Start of Data in this exercise
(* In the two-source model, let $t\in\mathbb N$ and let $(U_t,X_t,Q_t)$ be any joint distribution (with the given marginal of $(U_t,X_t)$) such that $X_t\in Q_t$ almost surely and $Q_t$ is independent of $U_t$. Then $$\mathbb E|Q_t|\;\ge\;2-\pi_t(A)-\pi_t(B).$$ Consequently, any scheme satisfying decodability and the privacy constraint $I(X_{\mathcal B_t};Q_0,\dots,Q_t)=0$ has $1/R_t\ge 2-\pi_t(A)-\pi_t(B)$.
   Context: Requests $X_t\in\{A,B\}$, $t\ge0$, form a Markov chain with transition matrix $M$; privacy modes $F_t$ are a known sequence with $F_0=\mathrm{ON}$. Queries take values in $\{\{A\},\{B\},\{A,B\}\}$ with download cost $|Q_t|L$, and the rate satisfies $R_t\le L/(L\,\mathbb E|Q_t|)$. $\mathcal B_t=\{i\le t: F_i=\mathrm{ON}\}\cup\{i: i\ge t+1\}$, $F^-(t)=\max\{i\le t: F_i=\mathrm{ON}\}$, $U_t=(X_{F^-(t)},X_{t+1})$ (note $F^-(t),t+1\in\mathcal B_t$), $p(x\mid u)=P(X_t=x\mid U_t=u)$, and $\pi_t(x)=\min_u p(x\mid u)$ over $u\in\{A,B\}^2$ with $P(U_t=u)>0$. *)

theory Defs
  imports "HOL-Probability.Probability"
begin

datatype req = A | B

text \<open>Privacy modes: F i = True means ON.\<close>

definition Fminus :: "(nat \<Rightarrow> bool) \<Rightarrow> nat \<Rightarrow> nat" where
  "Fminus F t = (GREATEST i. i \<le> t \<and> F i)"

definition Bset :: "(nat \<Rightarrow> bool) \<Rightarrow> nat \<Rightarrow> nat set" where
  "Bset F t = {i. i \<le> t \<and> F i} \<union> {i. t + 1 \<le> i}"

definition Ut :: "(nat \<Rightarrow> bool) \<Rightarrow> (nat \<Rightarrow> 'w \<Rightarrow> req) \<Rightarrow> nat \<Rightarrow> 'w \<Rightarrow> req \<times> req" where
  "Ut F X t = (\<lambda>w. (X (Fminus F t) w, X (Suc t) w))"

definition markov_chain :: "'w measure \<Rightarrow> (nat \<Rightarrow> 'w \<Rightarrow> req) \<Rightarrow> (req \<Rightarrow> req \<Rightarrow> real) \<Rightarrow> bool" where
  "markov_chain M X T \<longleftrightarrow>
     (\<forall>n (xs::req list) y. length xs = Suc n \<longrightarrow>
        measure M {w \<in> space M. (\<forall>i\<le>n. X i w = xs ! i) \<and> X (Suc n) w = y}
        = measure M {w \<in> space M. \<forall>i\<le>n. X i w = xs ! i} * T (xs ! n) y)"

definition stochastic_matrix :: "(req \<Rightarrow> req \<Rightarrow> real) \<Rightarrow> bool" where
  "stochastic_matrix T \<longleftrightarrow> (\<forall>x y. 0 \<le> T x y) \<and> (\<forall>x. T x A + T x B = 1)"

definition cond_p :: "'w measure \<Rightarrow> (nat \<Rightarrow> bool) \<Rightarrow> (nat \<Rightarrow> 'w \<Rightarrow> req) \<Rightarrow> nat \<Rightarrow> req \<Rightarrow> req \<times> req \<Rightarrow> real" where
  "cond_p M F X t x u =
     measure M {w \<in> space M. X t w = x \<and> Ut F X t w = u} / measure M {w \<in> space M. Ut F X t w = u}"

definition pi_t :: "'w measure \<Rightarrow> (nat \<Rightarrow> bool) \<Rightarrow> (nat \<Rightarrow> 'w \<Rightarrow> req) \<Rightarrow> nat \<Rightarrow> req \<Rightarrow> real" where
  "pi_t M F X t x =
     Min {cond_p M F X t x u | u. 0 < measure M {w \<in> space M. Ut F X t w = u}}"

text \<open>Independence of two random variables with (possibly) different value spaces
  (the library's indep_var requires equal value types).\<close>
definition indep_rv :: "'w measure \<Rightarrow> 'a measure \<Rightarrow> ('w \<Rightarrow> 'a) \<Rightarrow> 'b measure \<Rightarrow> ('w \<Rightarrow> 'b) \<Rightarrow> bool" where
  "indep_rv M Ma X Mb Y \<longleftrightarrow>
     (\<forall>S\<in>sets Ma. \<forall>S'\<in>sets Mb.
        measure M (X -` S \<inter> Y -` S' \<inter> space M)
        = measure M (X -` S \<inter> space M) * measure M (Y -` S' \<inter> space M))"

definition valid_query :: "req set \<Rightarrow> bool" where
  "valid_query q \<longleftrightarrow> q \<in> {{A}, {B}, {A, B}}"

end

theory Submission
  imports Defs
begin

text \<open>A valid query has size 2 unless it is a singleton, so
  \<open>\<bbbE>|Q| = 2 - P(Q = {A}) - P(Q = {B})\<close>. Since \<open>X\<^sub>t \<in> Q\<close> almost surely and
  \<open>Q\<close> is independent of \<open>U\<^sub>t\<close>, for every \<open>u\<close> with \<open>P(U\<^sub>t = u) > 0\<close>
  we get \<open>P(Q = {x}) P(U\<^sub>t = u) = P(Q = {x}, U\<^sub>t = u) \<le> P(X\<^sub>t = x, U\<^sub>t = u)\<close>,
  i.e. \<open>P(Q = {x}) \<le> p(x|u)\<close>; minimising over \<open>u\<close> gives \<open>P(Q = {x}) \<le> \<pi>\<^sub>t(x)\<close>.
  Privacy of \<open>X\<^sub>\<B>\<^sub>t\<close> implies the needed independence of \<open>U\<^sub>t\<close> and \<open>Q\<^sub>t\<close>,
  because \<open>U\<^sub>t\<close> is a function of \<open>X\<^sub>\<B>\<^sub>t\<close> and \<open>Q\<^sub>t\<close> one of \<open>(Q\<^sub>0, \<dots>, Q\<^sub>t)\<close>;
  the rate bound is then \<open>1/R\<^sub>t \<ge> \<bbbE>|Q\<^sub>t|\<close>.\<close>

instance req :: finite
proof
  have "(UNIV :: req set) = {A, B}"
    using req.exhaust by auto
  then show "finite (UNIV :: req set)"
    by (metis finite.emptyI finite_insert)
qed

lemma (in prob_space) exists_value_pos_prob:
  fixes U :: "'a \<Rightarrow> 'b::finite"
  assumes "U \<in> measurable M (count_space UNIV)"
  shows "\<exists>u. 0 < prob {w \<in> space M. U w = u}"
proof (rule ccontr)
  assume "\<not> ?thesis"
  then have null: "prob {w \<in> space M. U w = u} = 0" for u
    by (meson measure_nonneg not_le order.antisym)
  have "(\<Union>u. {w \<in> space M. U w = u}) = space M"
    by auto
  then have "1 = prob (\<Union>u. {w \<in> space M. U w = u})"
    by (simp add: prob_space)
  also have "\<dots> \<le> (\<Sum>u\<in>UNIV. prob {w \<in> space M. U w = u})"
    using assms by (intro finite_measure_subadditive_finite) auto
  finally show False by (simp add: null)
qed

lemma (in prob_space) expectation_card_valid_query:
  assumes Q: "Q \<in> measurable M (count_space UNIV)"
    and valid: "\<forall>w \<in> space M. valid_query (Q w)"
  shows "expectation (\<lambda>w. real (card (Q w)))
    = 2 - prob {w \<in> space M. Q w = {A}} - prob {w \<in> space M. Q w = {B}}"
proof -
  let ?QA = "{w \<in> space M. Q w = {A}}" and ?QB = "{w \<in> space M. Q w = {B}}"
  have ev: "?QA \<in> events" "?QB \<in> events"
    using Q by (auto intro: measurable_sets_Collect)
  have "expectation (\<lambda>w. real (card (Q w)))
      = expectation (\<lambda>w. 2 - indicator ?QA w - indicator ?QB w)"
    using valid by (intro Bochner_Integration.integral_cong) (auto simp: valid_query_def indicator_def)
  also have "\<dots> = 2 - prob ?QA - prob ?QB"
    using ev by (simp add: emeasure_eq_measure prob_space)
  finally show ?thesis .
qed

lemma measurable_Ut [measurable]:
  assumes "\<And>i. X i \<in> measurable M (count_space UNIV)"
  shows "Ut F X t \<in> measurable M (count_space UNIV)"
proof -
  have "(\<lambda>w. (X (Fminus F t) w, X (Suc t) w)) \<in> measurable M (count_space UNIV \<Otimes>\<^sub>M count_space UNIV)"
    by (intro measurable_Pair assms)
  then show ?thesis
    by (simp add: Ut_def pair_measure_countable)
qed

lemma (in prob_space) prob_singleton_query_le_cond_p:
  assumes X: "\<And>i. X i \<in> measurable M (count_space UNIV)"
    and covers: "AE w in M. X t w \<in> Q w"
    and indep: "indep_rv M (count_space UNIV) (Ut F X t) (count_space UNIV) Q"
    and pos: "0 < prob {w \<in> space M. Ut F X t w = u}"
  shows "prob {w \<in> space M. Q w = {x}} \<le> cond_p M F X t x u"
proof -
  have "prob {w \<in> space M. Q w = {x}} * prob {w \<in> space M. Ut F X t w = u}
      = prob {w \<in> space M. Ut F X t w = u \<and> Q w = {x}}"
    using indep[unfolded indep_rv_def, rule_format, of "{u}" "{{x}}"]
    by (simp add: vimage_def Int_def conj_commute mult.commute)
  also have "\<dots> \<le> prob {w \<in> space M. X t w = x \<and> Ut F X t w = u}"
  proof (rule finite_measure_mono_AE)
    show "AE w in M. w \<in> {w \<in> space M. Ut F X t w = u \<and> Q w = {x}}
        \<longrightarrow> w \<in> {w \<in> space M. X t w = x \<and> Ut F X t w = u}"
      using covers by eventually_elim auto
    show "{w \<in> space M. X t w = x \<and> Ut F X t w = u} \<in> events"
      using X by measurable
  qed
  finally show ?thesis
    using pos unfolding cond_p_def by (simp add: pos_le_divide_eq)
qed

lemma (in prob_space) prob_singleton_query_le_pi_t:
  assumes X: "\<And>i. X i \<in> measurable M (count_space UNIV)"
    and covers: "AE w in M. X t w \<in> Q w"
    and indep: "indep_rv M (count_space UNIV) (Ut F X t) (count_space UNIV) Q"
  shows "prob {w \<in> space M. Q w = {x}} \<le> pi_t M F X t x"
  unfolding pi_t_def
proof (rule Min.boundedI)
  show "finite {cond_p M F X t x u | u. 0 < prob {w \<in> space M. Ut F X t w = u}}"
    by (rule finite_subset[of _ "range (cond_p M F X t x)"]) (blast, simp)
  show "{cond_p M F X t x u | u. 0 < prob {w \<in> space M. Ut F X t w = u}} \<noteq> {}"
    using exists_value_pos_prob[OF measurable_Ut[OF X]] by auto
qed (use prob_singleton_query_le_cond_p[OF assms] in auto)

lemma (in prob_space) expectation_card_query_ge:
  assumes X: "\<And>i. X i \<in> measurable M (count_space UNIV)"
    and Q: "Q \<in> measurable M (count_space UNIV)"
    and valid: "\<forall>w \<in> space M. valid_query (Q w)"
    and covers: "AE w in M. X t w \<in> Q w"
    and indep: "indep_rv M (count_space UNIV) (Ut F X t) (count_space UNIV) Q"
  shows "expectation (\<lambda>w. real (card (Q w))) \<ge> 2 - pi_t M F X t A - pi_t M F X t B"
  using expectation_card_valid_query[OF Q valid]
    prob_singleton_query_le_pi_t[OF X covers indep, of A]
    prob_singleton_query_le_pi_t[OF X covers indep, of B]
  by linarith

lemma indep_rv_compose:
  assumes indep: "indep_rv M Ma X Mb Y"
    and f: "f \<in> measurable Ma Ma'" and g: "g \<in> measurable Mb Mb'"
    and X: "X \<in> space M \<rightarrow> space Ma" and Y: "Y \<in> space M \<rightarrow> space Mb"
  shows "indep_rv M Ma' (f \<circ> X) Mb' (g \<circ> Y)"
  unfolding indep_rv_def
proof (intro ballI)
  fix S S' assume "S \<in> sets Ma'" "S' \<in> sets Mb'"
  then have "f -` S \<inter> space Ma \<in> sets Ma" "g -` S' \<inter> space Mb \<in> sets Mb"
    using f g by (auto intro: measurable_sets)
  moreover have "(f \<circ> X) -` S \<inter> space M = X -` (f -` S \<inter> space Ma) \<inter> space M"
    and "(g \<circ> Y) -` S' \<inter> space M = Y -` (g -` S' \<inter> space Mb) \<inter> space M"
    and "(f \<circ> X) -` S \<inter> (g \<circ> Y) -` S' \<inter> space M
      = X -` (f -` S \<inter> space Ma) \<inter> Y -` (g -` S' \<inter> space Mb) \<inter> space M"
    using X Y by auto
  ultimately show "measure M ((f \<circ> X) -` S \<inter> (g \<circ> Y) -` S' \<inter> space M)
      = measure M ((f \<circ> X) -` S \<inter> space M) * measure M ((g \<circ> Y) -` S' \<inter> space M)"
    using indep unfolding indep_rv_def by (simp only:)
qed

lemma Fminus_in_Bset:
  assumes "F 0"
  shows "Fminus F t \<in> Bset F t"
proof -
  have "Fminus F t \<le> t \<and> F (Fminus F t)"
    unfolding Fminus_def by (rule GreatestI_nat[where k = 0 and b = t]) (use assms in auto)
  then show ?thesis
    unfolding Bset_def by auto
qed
End of Data in this exercise
- [Problem statement]
Find all lines in the records that hold the word "independent". Copy them.

- [Solution to this task]
(* In the two-source model, let $t\in\mathbb N$ and let $(U_t,X_t,Q_t)$ be any joint distribution (with the given marginal of $(U_t,X_t)$) such that $X_t\in Q_t$ almost surely and $Q_t$ is independent of $U_t$. Then $$\mathbb E|Q_t|\;\ge\;2-\pi_t(A)-\pi_t(B).$$ Consequently, any scheme satisfying decodability and the privacy constraint $I(X_{\mathcal B_t};Q_0,\dots,Q_t)=0$ has $1/R_t\ge 2-\pi_t(A)-\pi_t(B)$.
  \<open>Q\<close> is independent of \<open>U\<^sub>t\<close>, for every \<open>u\<close> with \<open>P(U\<^sub>t = u) > 0\<close>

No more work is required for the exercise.